__EXERCISE__:
In the entries below, the lines from the one with "using Suc nonzero" through the one with "by (rule prodinf_nonzero[OF" are to be copied exactly; both ends count.

-- DATA follows --

theorem theorem1:
  fixes L :: "real^'d \<Rightarrow> real^'d \<Rightarrow> real"
    and \<phi> :: "real^'d \<Rightarrow> real"
    and Hbar :: real
    and b vv :: "real \<Rightarrow> real^'d \<Rightarrow> real^'d"
    and \<epsilon> :: real
  assumes L_cont: "continuous_on UNIV (\<lambda>(x, v). L x v)"
    and L_per: "\<And>v. periodic (\<lambda>x. L x v)"
    and L_superlin: "filterlim (\<lambda>v. (INF x. L x v) / norm v) at_top at_infinity"
    and \<phi>_per: "periodic \<phi>"
    and \<phi>_lip: "\<exists>C. C-lipschitz_on UNIV \<phi>"
    and super: "supersolution L \<phi> Hbar"
    and b_per: "\<And>\<kappa>. periodic (b \<kappa>)"
    and b_min: "\<And>\<kappa> x. \<kappa> > 0 \<Longrightarrow>
        \<phi> (x + b \<kappa> x) + (norm (b \<kappa> x))\<^sup>2 / (2 * \<kappa>\<^sup>2) = moreau_yosida \<phi> \<kappa> x"
    and vv_per: "\<And>\<kappa>. periodic (vv \<kappa>)"
    and vv_max: "\<And>\<kappa> x w. \<kappa> > 0 \<Longrightarrow>
        - ((1 / \<kappa>\<^sup>2) *\<^sub>R (- b \<kappa> x)) \<bullet> w - L (x + b \<kappa> x) w
          \<le> - ((1 / \<kappa>\<^sup>2) *\<^sub>R (- b \<kappa> x)) \<bullet> vv \<kappa> x - L (x + b \<kappa> x) (vv \<kappa> x)"
    and eps: "\<epsilon> > 0"
  shows "\<exists>\<kappa>0 > 0. \<exists>\<delta> :: real \<Rightarrow> real. (\<forall>\<kappa>\<in>{0<..\<kappa>0}. \<delta> \<kappa> > 0) \<and>
     (\<forall>r > 0. \<forall>\<kappa>\<in>{0<..\<kappa>0}. \<forall>t n. is_partition t n r \<longrightarrow> fineness t n \<le> \<delta> \<kappa> \<longrightarrow>
        (\<forall>y. \<phi> (motion (vv \<kappa>) t n y r)
              + integral {0..r} (\<lambda>s. L (motion (vv \<kappa>) t n y s) (control (vv \<kappa>) t n y s))
            \<le> \<phi> y - Hbar * r + (r + 1) * \<epsilon>))"
proof -
  obtain C where "C-lipschitz_on UNIV \<phi>" using \<phi>_lip by blast
  then interpret moreau_yosida_feedback L \<phi> Hbar b vv C
    using L_cont L_per L_superlin \<phi>_per super b_min vv_max by unfold_locales
  obtain \<kappa>0 \<delta> where "\<kappa>0 > 0" "\<And>\<kappa>. \<delta> \<kappa> > 0"
    and \<phi>_le: "\<And>\<kappa> x. \<kappa> \<in> {0<..\<kappa>0} \<Longrightarrow> \<phi> x \<le> moreau_yosida \<phi> \<kappa> x + \<epsilon>"
    and step: "\<And>\<kappa> x h. \<kappa> \<in> {0<..\<kappa>0} \<Longrightarrow> 0 \<le> h \<Longrightarrow> h \<le> \<delta> \<kappa> \<Longrightarrow>
      moreau_yosida \<phi> \<kappa> (x + h *\<^sub>R vv \<kappa> x)
        + integral {0..h} (\<lambda>s. L (x + s *\<^sub>R vv \<kappa> x) (vv \<kappa> x))
      \<le> moreau_yosida \<phi> \<kappa> x + (\<epsilon> - Hbar) * h"
    using feedback_parameters[OF eps] by blast
  show ?thesis
  proof (intro exI[of _ \<kappa>0] exI[of _ \<delta>] conjI allI impI ballI)
    fix r \<kappa> t n y
    assume "r > 0" "\<kappa> \<in> {0<..\<kappa>0}" "is_partition t n r" "fineness t n \<le> \<delta> \<kappa>"
    have "moreau_yosida \<phi> \<kappa> (motion (vv \<kappa>) t n y r)
        + integral {0..r} (\<lambda>s. L (motion (vv \<kappa>) t n y s) (control (vv \<kappa>) t n y s))
      \<le> moreau_yosida \<phi> \<kappa> y + (\<epsilon> - Hbar) * r"
      by (rule motion_cost_le[OF \<open>is_partition t n r\<close> \<open>r > 0\<close> L_cont])
        (use step[OF \<open>\<kappa> \<in> {0<..\<kappa>0}\<close>] \<open>fineness t n \<le> \<delta> \<kappa>\<close> in auto)
    then show "\<phi> (motion (vv \<kappa>) t n y r)
        + integral {0..r} (\<lambda>s. L (motion (vv \<kappa>) t n y s) (control (vv \<kappa>) t n y s))
      \<le> \<phi> y - Hbar * r + (r + 1) * \<epsilon>"
      using \<phi>_le[OF \<open>\<kappa> \<in> {0<..\<kappa>0}\<close>, of "motion (vv \<kappa>) t n y r"] moreau_yosida_le_self[OF \<phi>_bdd_below, of \<kappa> y]
      by (simp add: algebra_simps)
  qed (use \<open>\<kappa>0 > 0\<close> \<open>\<And>\<kappa>. \<delta> \<kappa> > 0\<close> in auto)
qed
locale convergent_bi_product =
  fixes f :: "int \<Rightarrow> complex"
  assumes nonzero: "\<And>j. f j \<noteq> 0"
    and summable_top: "\<And>n. summable (\<lambda>i. cmod (f (n + int i) - 1))"
    and summable_bot: "\<And>n. summable (\<lambda>i. cmod (f (n - int i) - 1))"
begin

lemma convergent_prod_top: "convergent_prod (\<lambda>i. f (n + int i))"
  and convergent_prod_bot: "convergent_prod (\<lambda>i. f (n - int i))"
  by (intro abs_convergent_prod_imp_convergent_prod summable_imp_abs_convergent_prod summable_top summable_bot)+

lemma prod_from_bot_eq: "prod_from_bot f n = prodinf (\<lambda>i. f (n - int i))"
  and tendsto_prod_from_bot: "((\<lambda>m. \<Prod>j\<in>{m..n}. f j) \<longlongrightarrow> prodinf (\<lambda>i. f (n - int i))) at_bot"
proof -
  show lim: "((\<lambda>m. \<Prod>j\<in>{m..n}. f j) \<longlongrightarrow> prodinf (\<lambda>i. f (n - int i))) at_bot"
    unfolding tendsto_at_bot_int_iff[of _ _ n] prod_atLeastAtMost_int_reindex[symmetric]
    by (rule convergent_prod_LIMSEQ[OF convergent_prod_bot])
  show "prod_from_bot f n = prodinf (\<lambda>i. f (n - int i))"
    unfolding prod_from_bot_def by (intro tendsto_Lim lim) simp
qed

lemma prod_from_bot_nonzero: "prod_from_bot f n \<noteq> 0"
  unfolding prod_from_bot_eq by (intro prodinf_nonzero convergent_prod_bot nonzero)

lemma prod_from_bot_rec: "prod_from_bot f n = prod_from_bot f (n - 1) * f n"
proof -
  have "eventually (\<lambda>m. (\<Prod>j\<in>{m..n - 1}. f j) * f n = (\<Prod>j\<in>{m..n}. f j)) at_bot"
    using eventually_le_at_bot[of "n - 1"]
  proof eventually_elim
    case (elim m)
    then have "{m..n} = insert n {m..n - 1}" by auto
    then show ?case by (simp add: mult.commute)
  qed
  moreover have "((\<lambda>m. (\<Prod>j\<in>{m..n - 1}. f j) * f n) \<longlongrightarrow> prod_from_bot f (n - 1) * f n) at_bot"
    unfolding prod_from_bot_eq by (intro tendsto_intros tendsto_prod_from_bot)
  ultimately have "((\<lambda>m. \<Prod>j\<in>{m..n}. f j) \<longlongrightarrow> prod_from_bot f (n - 1) * f n) at_bot"
    by (rule Lim_transform_eventually[rotated])
  then show ?thesis
    using tendsto_prod_from_bot[of n] unfolding prod_from_bot_eq by (intro tendsto_unique) auto
qed

lemma prod_from_bot_tendsto_at_top: "\<exists>L. L \<noteq> 0 \<and> (prod_from_bot f \<longlongrightarrow> L) at_top"
proof -
  have eq: "prod_from_bot f (0 + int k) = prod_from_bot f 0 * (\<Prod>i<k. f (1 + int i))" for k
  proof (induction k)
    case (Suc k)
    have "prod_from_bot f (int (Suc k)) = prod_from_bot f (int k) * f (1 + int k)"
      using prod_from_bot_rec[of "int (Suc k)"] by simp
    then show ?case
      using Suc by (simp add: ac_simps)
  qed simp
  have "(\<lambda>k. \<Prod>i<k. f (1 + int i)) \<longlonglongrightarrow> prodinf (\<lambda>i. f (1 + int i))"
    using convergent_prod_LIMSEQ[OF convergent_prod_top[of 1]]
    by (simp add: LIMSEQ_lessThan_iff_atMost)
  then have "(prod_from_bot f \<longlongrightarrow> prod_from_bot f 0 * prodinf (\<lambda>i. f (1 + int i))) at_top"
    unfolding tendsto_at_top_int_iff[of _ _ 0] eq by (intro tendsto_intros)
  moreover have "prod_from_bot f 0 * prodinf (\<lambda>i. f (1 + int i)) \<noteq> 0"
    using prod_from_bot_nonzero prodinf_nonzero[OF convergent_prod_top nonzero] by simp
  ultimately show ?thesis by blast
qed

lemma prod_from_bot_tendsto_at_bot: "\<exists>L. L \<noteq> 0 \<and> (prod_from_bot f \<longlongrightarrow> L) at_bot"
proof -
  have eq: "prod_from_bot f (0 - int k) = prod_from_bot f 0 / (\<Prod>i<k. f (0 - int i))" for k
  proof (induction k)
    case (Suc k)
    have shift: "0 - int k - 1 = 0 - int (Suc k)"
      by simp
    have "prod_from_bot f (0 - int k) = prod_from_bot f (0 - int (Suc k)) * f (0 - int k)"
      using prod_from_bot_rec[of "0 - int k"] unfolding shift .
    then show ?case
      using Suc nonzero by (simp add: field_simps)
  qed simp
  have lim: "(\<lambda>k. \<Prod>i<k. f (0 - int i)) \<longlonglongrightarrow> prodinf (\<lambda>i. f (0 - int i))"
    using convergent_prod_LIMSEQ[OF convergent_prod_bot[of 0]]
    by (simp add: LIMSEQ_lessThan_iff_atMost)
  have nonzero_lim: "prodinf (\<lambda>i. f (0 - int i)) \<noteq> 0"
    by (rule prodinf_nonzero[OF convergent_prod_bot nonzero])
  have "(prod_from_bot f \<longlongrightarrow> prod_from_bot f 0 / prodinf (\<lambda>i. f (0 - int i))) at_bot"
    unfolding tendsto_at_bot_int_iff[of _ _ 0] eq
    by (rule tendsto_divide[OF tendsto_const lim nonzero_lim])
  moreover have "prod_from_bot f 0 / prodinf (\<lambda>i. f (0 - int i)) \<noteq> 0"
    using prod_from_bot_nonzero nonzero_lim by simp
  ultimately show ?thesis by blast
qed

end

section \<open>The system (Q) and its gauge transformations\<close>

lemma power_int_minus_rec: "(z::complex) \<noteq> 0 \<Longrightarrow> z powi (- n) = z * z powi (- (n + 1))"
  using power_int_add_1'[of z "- (n + 1)"] by simp

lemma power_int_rec: "(z::complex) \<noteq> 0 \<Longrightarrow> z powi n = 1 / z * z powi (n + 1)"
  using power_int_add_1'[of z n] by simp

-- DATA concluded --

__ANSWER BELOW__:
      using Suc nonzero by (simp add: field_simps)
  qed simp
  have lim: "(\<lambda>k. \<Prod>i<k. f (0 - int i)) \<longlonglongrightarrow> prodinf (\<lambda>i. f (0 - int i))"
    using convergent_prod_LIMSEQ[OF convergent_prod_bot[of 0]]
    by (simp add: LIMSEQ_lessThan_iff_atMost)
  have nonzero_lim: "prodinf (\<lambda>i. f (0 - int i)) \<noteq> 0"
    by (rule prodinf_nonzero[OF convergent_prod_bot nonzero])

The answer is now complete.